On the other hand, in order to prepare ice fine particles, 300 mL of pure water was sprayed on a container containing 10 L of liquid nitrogen, and water droplets were frozen. The frozen product was transferred to a low temperature chamber at −15 ° C. together with the container. Liquid nitrogen was vaporized by allowing it to stand in a low temperature chamber for about 2 hours. Next, ice having a size of 425 μm to 500 μm was sieved using a sieve having a nominal opening of 500 μm and a sieve having a nominal opening of 425 μm in a low temperature chamber. The temperature in the low temperature chamber was changed to -4 ° C., the ice fine particles were allowed to stand for 2 hours, and the temperature of the ice fine particles was adjusted to -4 ° C.

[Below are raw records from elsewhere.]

lemma basis_diag_mult_vec:
  "basis_diag v f *v x = (\<Sum>i\<in>UNIV. (of_real (f i) * cinner (v i) x) *s v i)"
proof -
  have "(basis_diag v f *v x) $ k = (\<Sum>i\<in>UNIV. (of_real (f i) * cinner (v i) x) *s v i) $ k" for k
  proof -
    have "(basis_diag v f *v x) $ k
        = (\<Sum>l\<in>UNIV. \<Sum>i\<in>UNIV. of_real (f i) * v i $ k * cnj (v i $ l) * x $ l)"
      by (simp add: basis_diag_def matrix_vector_mult_def sum_distrib_right)
    also have "\<dots> = (\<Sum>i\<in>UNIV. \<Sum>l\<in>UNIV. of_real (f i) * v i $ k * cnj (v i $ l) * x $ l)"
      by (rule sum.swap)
    also have "\<dots> = (\<Sum>i\<in>UNIV. (of_real (f i) * cinner (v i) x) *s v i) $ k"
      by (simp add: sum_component cinner_def sum_distrib_left sum_distrib_right ac_simps)
    finally show ?thesis .
  qed
  then show ?thesis by (simp add: vec_eq_iff)
qed

lemma basis_diag_eigenvector:
  assumes "orthonormal_basis v"
  shows "basis_diag v f *v v j = of_real (f j) *s v j"
proof -
  have "basis_diag v f *v v j = (\<Sum>i\<in>UNIV. (if i = j then of_real (f j) *s v j else 0))"
    unfolding basis_diag_mult_vec using assms unfolding orthonormal_basis_def
    by (intro sum.cong refl) auto
  then show ?thesis by simp
qed

lemma basis_diag_eqI:
  assumes "orthonormal_basis v" and "\<And>i. M *v v i = of_real (f i) *s v i"
  shows "M = basis_diag v f"
  by (rule orthonormal_basis_matrix_eqI[OF assms(1)]) (simp add: basis_diag_eigenvector assms)

lemma basis_diag_mult:
  assumes "orthonormal_basis v"
  shows "basis_diag v f ** basis_diag v g = basis_diag v (\<lambda>i. f i * g i)"
  by (rule basis_diag_eqI[OF assms])
     (simp add: matrix_vector_mul_assoc[symmetric] basis_diag_eigenvector[OF assms]
       matrix_vector_mult_smult vector_smult_assoc)

lemma basis_diag_diff: "basis_diag v f - basis_diag v g = basis_diag v (\<lambda>i. f i - g i)"
  by (simp add: basis_diag_def vec_eq_iff sum_subtractf[symmetric] left_diff_distrib)

lemma basis_diag_uminus: "- basis_diag v f = basis_diag v (\<lambda>i. - f i)"
  by (simp add: basis_diag_def vec_eq_iff sum_negf[symmetric])

lemma basis_diag_zero: "basis_diag v (\<lambda>i. 0) = 0"
  by (simp add: basis_diag_def vec_eq_iff)

lemma hermitian_basis_diag: "hermitian (basis_diag v f)"
  by (simp add: hermitian_def conj_transpose_def basis_diag_def vec_eq_iff ac_simps)

lemma quad_form_basis_diag: "quad_form (basis_diag v f) x = (\<Sum>i\<in>UNIV. f i * (cmod (cinner (v i) x))\<^sup>2)"
proof -
  have "cinner x (basis_diag v f *v x) = (\<Sum>i\<in>UNIV. of_real (f i) * (cinner (v i) x * cnj (cinner (v i) x)))"
    by (simp add: basis_diag_mult_vec cinner_sum_right cinner_smult_right cnj_cinner ac_simps)
  also have "\<dots> = of_real (\<Sum>i\<in>UNIV. f i * (cmod (cinner (v i) x))\<^sup>2)"
    by (simp add: complex_norm_square[symmetric])
  finally show ?thesis by (simp add: quad_form_def)
qed

lemma psd_basis_diag: "(\<And>i. 0 \<le> f i) \<Longrightarrow> psd (basis_diag v f)"
  by (simp add: psd_iff_quad_form hermitian_basis_diag quad_form_basis_diag sum_nonneg)

lemma trace_basis_diag:
  assumes "orthonormal_basis v"
  shows "trace (basis_diag v f) = of_real (\<Sum>i\<in>UNIV. f i)"
  using assms
  by (simp add: trace_orthonormal_basis[OF assms] basis_diag_eigenvector cinner_smult_right
      orthonormal_basis_def)

lemma quad_form_basis_diag_basis:
  assumes "orthonormal_basis v"
  shows "quad_form (basis_diag v f) (v i) = f i"
  using assms by (simp add: quad_form_def basis_diag_eigenvector cinner_smult_right orthonormal_basis_def)

section \<open>The spectral theorem\<close>

lemma orthogonal_complement_nonzero:
  fixes v :: "'n \<Rightarrow> complex^'n"
  assumes "a \<notin> S"
  shows "\<exists>x. x \<noteq> 0 \<and> (\<forall>j\<in>S. cinner (v j) x = 0)"
proof -
  define W :: "complex^'n^'n" where "W = (\<chi> r c. if r \<in> S then cnj (v r $ c) else 0)"
  have "row a W = 0"
    using assms by (simp add: W_def row_def vec_eq_iff)
  then have "\<not> invertible W"
    by (simp add: invertible_det_nz det_zero_row)
  then obtain x where "W *v x = 0" "x \<noteq> 0"
    using matrix_left_invertible_ker invertible_left_inverse by blast
  moreover have "(W *v x) $ j = cinner (v j) x" if "j \<in> S" for j
    using that by (simp add: W_def matrix_vector_mult_def cinner_def)
  ultimately show ?thesis by auto
qed

lemma continuous_on_quad_form:
  fixes M :: "complex^'n^'n"
  shows "continuous_on S (quad_form M)"
proof -
  have "continuous_on S (\<lambda>x::complex^'n. x $ i)" for i
    by (rule linear_continuous_on[OF bounded_linear_vec_nth])
  then show ?thesis
    unfolding quad_form_def cinner_def matrix_vector_mult_def
    by (simp, intro continuous_intros)
qed

lemma quad_form_scaleR: "quad_form M (c *\<^sub>R x) = c\<^sup>2 * quad_form M x"
  by (simp add: quad_form_def matrix_vector_mult_scaleR_complex cinner_scaleR_left cinner_scaleR_right
      power2_eq_square)

lemma quadratic_nonpos_imp_linear_coeff_eq_0:
  fixes s k :: real
  assumes "\<And>t. 2 * t * s + t\<^sup>2 * k \<le> 0"
  shows "s = 0"
proof -
  define d where "d = \<bar>k\<bar> + 1"
  have "d > 0" "2 * d + k > 0"
    by (auto simp: d_def)
  have "s\<^sup>2 * (2 * d + k) = d\<^sup>2 * (2 * (s / d) * s + (s / d)\<^sup>2 * k)"
    using \<open>d > 0\<close> by (simp add: field_simps power2_eq_square)
  also have "\<dots> \<le> 0"
    using assms[of "s / d"] by (simp add: mult_nonneg_nonpos)
  finally show ?thesis
    using \<open>2 * d + k > 0\<close> by (smt (verit) mult_pos_pos zero_less_power2)
qed

lemma
  assumes herm: "hermitian A" and "norm x = 1" and w: "w = A *v x - quad_form A x *\<^sub>R x"
  shows quad_form_residual_perturbation:
      "quad_form A (x + t *\<^sub>R w) = quad_form A x + 2 * t * (norm w)\<^sup>2 + t\<^sup>2 * quad_form A w"
    and norm_residual_perturbation: "(norm (x + t *\<^sub>R w))\<^sup>2 = 1 + t\<^sup>2 * (norm w)\<^sup>2"
proof -
  define l where "l = quad_form A x"
  define s where "s = (norm w)\<^sup>2"
  have xx: "cinner x x = 1" and ww: "cinner w w = of_real s"
    using \<open>norm x = 1\<close> by (simp_all add: s_def cinner_self)
  have lx: "cinner x (A *v x) = of_real l" and cw: "cinner w (A *v w) = of_real (quad_form A w)"
    using hermitian_cinner_quad_form[OF herm] by (simp_all add: l_def)
  have xw: "cinner x w = 0" and wx: "cinner w x = 0"
    using xx lx cnj_cinner[of w x] by (simp_all add: w l_def cinner_diff_right cinner_scaleR_right)
  have Ax: "A *v x = w + l *\<^sub>R x"
    by (simp add: w l_def)
  have "cinner w (A *v x) = of_real s" and "cinner x (A *v w) = of_real s"
    by (simp_all add: hermitian_cinner[OF herm, of x] Ax cinner_add_right cinner_add_left
        cinner_scaleR_right cinner_scaleR_left wx xw ww)
  then have "quad_form A (x + t *\<^sub>R w) = l + 2 * t * s + t\<^sup>2 * quad_form A w"
    unfolding quad_form_def[of A "x + t *\<^sub>R w"]
    by (simp add: matrix_vector_right_distrib matrix_vector_mult_scaleR_complex cinner_add_left
        cinner_add_right cinner_scaleR_left cinner_scaleR_right lx cw power2_eq_square algebra_simps)
  then show "quad_form A (x + t *\<^sub>R w) = quad_form A x + 2 * t * (norm w)\<^sup>2 + t\<^sup>2 * quad_form A w"
    by (simp add: l_def s_def)
  have "cinner (x + t *\<^sub>R w) (x + t *\<^sub>R w) = of_real (1 + t\<^sup>2 * s)"
    by (simp add: cinner_add_left cinner_add_right cinner_scaleR_left cinner_scaleR_right
        xx xw wx ww power2_eq_square)
  then show "(norm (x + t *\<^sub>R w))\<^sup>2 = 1 + t\<^sup>2 * (norm w)\<^sup>2"
    by (simp only: cinner_self of_real_eq_iff s_def)
qed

10 mL of the above 8.0 (w / v)% gelatin solution and concentrations of 0.00081 g / mL, 0.0042 g / mL, 0.0089 g / mL, 0.014 g / mL, 0.020 g / mL, 0.034 g / ML and 10 mL of each of 10 mL of a citric acid-modified triiron tetroxide nanoparticle suspension of 0.053 g / mL were mixed at room temperature, and the citrate-modified triiron tetroxide nanoparticles were uniformly mixed in a gelatin solution by ultrasonic treatment. Distributed. The concentration of gelatin in the prepared mixed solution was 4.0 (w / v)%, and the weight ratios of citric acid surface-modified triiron tetroxide nanoparticles and gelatin were 1:99, 5:95, 10:90, and 15 respectively. : 85, 20:80, 30:70 and 40:60. These citric acid surface-modified triiron tetroxide nanoparticles / gelatin mixed solution was transferred to a low temperature chamber at -4 ° C. and allowed to stand for 40 minutes for temperature equilibration. 20 mL of citric acid-modified triiron tetroxide nanoparticles / gelatin mixed solution at a temperature of -4 ° C and the above-mentioned ice fine particles having a size of 425 μm to 500 μm at a ratio of 7: 3 (volume mL to weight g) at -4 ° C. Mixed in a low temperature chamber. The ice particles were stirred well so as to be uniformly dispersed in the citric acid-modified triiron tetroxide nanoparticles / gelatin mixed solution. The mixture was allowed to stand at −20 ° C. for 12 hours and then at −80 ° C. for 4 hours to freeze the mixture. The frozen product was freeze-dried at room temperature under a reduced pressure of 5 Pa or less for 3 days to form a citric acid-modified triiron tetroxide nanoparticles / gelatin composite porous structure.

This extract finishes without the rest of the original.